(Record excerpts Opens)

lemma exp_runtime_le:
  "exp_runtime n l (\<lambda>m. 1 / (real (m * l) + 2))
     \<le> exp 1 * s_BLO l * (real l * real (n div l) * (real (n div l) - 1) / 4
                          + real (n div l) * (real l + 1))"
proof -
  have "exp_runtime n l (\<lambda>m. 1 / (real (m * l) + 2))
      \<le> (\<Sum>m<n div l. exp 1 * s_BLO l * (real (m * l) / 2 + 1 + real l))"
    unfolding exp_runtime_eq_block_sum by (intro sum_mono level_cost_le)
  also have "\<dots> = exp 1 * s_BLO l * (real l / 2 * (\<Sum>m<n div l. real m) + real (n div l) * (real l + 1))"
    by (simp add: sum.distrib sum_distrib_left algebra_simps)
  also have "\<dots> = exp 1 * s_BLO l * (real l * real (n div l) * (real (n div l) - 1) / 4
                                     + real (n div l) * (real l + 1))"
    by (simp add: sum_lessThan_of_nat)
  finally show ?thesis .
qed

lemma T_opt_ge: "exp 1 * s_BLO l * real l * real (n div l) * (real (n div l) - 1) / 4 \<le> T_opt n l"
  unfolding T_opt_def
proof (rule cInf_greatest)
  have "exp_runtime n l (\<lambda>_. 1 / 2) \<in> {exp_runtime n l p | p. \<forall>m<n div l. 0 < p m \<and> p m < 1}"
    by auto
  then show "{exp_runtime n l p | p. \<forall>m<n div l. 0 < p m \<and> p m < 1} \<noteq> {}"
    by blast
qed (blast intro: exp_runtime_ge)

lemma T_opt_le:
  "T_opt n l \<le> exp 1 * s_BLO l * (real l * real (n div l) * (real (n div l) - 1) / 4
                                  + real (n div l) * (real l + 1))"
proof -
  have rates: "0 < 1 / (real k + 2) \<and> 1 / (real k + 2) < 1" for k
    by (simp add: field_simps)
  have "T_opt n l \<le> exp_runtime n l (\<lambda>m. 1 / (real (m * l) + 2))"
    unfolding T_opt_def
  proof (rule cInf_lower)
    show "bdd_below {exp_runtime n l p | p. \<forall>m<n div l. 0 < p m \<and> p m < 1}"
      by (rule bdd_belowI) (auto intro: exp_runtime_ge)
  qed (use rates in blast)
  also have "\<dots> \<le> exp 1 * s_BLO l * (real l * real (n div l) * (real (n div l) - 1) / 4
                                     + real (n div l) * (real l + 1))"
    by (rule exp_runtime_le)
  finally show ?thesis .
qed

lemma T_opt_ratio_bounds:
  assumes "l \<ge> 1" "l dvd n" "n > 0"
  defines "g \<equiv> exp 1 / 2 * (b_BLO l * 2 ^ l / real l) * real n ^ 2"
  shows "1 - real l / real n \<le> T_opt n l / g"
    and "T_opt n l / g \<le> 1 + 7 * real l / real n"
proof -
  define L where "L = n div l"
  define s where "s = s_BLO l"
  have n: "n = L * l"
    using assms(2) unfolding L_def by simp
  with assms have L: "real L \<ge> 1"
    by (cases L) auto
  have s: "s \<ge> 1"
    using s_BLO_ge[of l] assms(1) unfolding s_def by linarith
  have "b_BLO l * 2 ^ l = s / 2"
    unfolding b_BLO_def s_def by (simp add: field_simps)
  then have g: "g = exp 1 * s * real l * real L ^ 2 / 4"
    unfolding g_def n using assms(1) by (simp add: field_simps power2_eq_square)
  have "g > 0"
    unfolding g using s L assms(1) by simp
  have l_div_n: "real l / real n = 1 / real L" "7 * real l / real n = 7 / real L"
    unfolding n using assms(1) by simp_all
  have "g * (1 - 1 / real L) = exp 1 * s * real l * real L * (real L - 1) / 4"
    unfolding g using L by (simp add: field_simps power2_eq_square)
  also have "\<dots> \<le> T_opt n l"
    using T_opt_ge[of l n] unfolding s_def L_def .
  finally show "1 - real l / real n \<le> T_opt n l / g"
    unfolding l_div_n using \<open>g > 0\<close> by (simp add: pos_le_divide_eq mult.commute)
  have "T_opt n l \<le> exp 1 * s * (real l * real L * (real L - 1) / 4 + real L * (real l + 1))"
    using T_opt_le[of n l] unfolding s_def L_def .
  also have "\<dots> = g * (1 + 7 / real L) - exp 1 * s * real L * (real l - 1)"
    unfolding g using L by (simp add: field_simps power2_eq_square)
  also have "\<dots> \<le> g * (1 + 7 / real L)"
    using s L assms(1) by simp
  finally show "T_opt n l / g \<le> 1 + 7 * real l / real n"
    unfolding l_div_n using \<open>g > 0\<close> by (simp add: pos_divide_le_eq mult.commute)
qed

theorem mainTheorem10:
  fixes n l :: "nat \<Rightarrow> nat"
  assumes "filterlim n at_top sequentially"
    and "\<And>k. l k \<ge> 1"
    and "\<And>k. l k dvd n k"
    and "(\<lambda>k. real (l k) / real (n k)) \<longlonglongrightarrow> 0"
  shows "(\<lambda>k. T_opt (n k) (l k)) \<sim>[sequentially]
         (\<lambda>k. exp 1 / 2 * (b_BLO (l k) * 2 ^ l k / real (l k)) * real (n k) ^ 2)"
proof (rule asymp_equivI')
  have n_pos: "eventually (\<lambda>k. n k > 0) sequentially"
    using eventually_compose_filterlim[OF eventually_gt_at_top assms(1)] .
  have lower: "(\<lambda>k. 1 - real (l k) / real (n k)) \<longlonglongrightarrow> 1"
    using tendsto_diff[OF tendsto_const assms(4), of 1] by simp
  have upper: "(\<lambda>k. 1 + 7 * real (l k) / real (n k)) \<longlonglongrightarrow> 1"
    using tendsto_add[OF tendsto_const tendsto_mult[OF tendsto_const assms(4)], of 1 7] by simp
  show "(\<lambda>k. T_opt (n k) (l k) / (exp 1 / 2 * (b_BLO (l k) * 2 ^ l k / real (l k)) * real (n k) ^ 2))
      \<longlonglongrightarrow> 1" (is "?ratio \<longlonglongrightarrow> 1")
  proof (rule tendsto_sandwich[OF _ _ lower upper])
    show "eventually (\<lambda>k. 1 - real (l k) / real (n k) \<le> ?ratio k) sequentially"
      using n_pos by (rule eventually_mono) (rule T_opt_ratio_bounds(1)[OF assms(2,3)])
    show "eventually (\<lambda>k. ?ratio k \<le> 1 + 7 * real (l k) / real (n k)) sequentially"
      using n_pos by (rule eventually_mono) (rule T_opt_ratio_bounds(2)[OF assms(2,3)])
  qed
qed

end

(Record excerpts Closes)

#### [Exercise brief]
After reading the entries above, report the number of lines that include the string "shows". Give no other text.

#### [The completed task]
2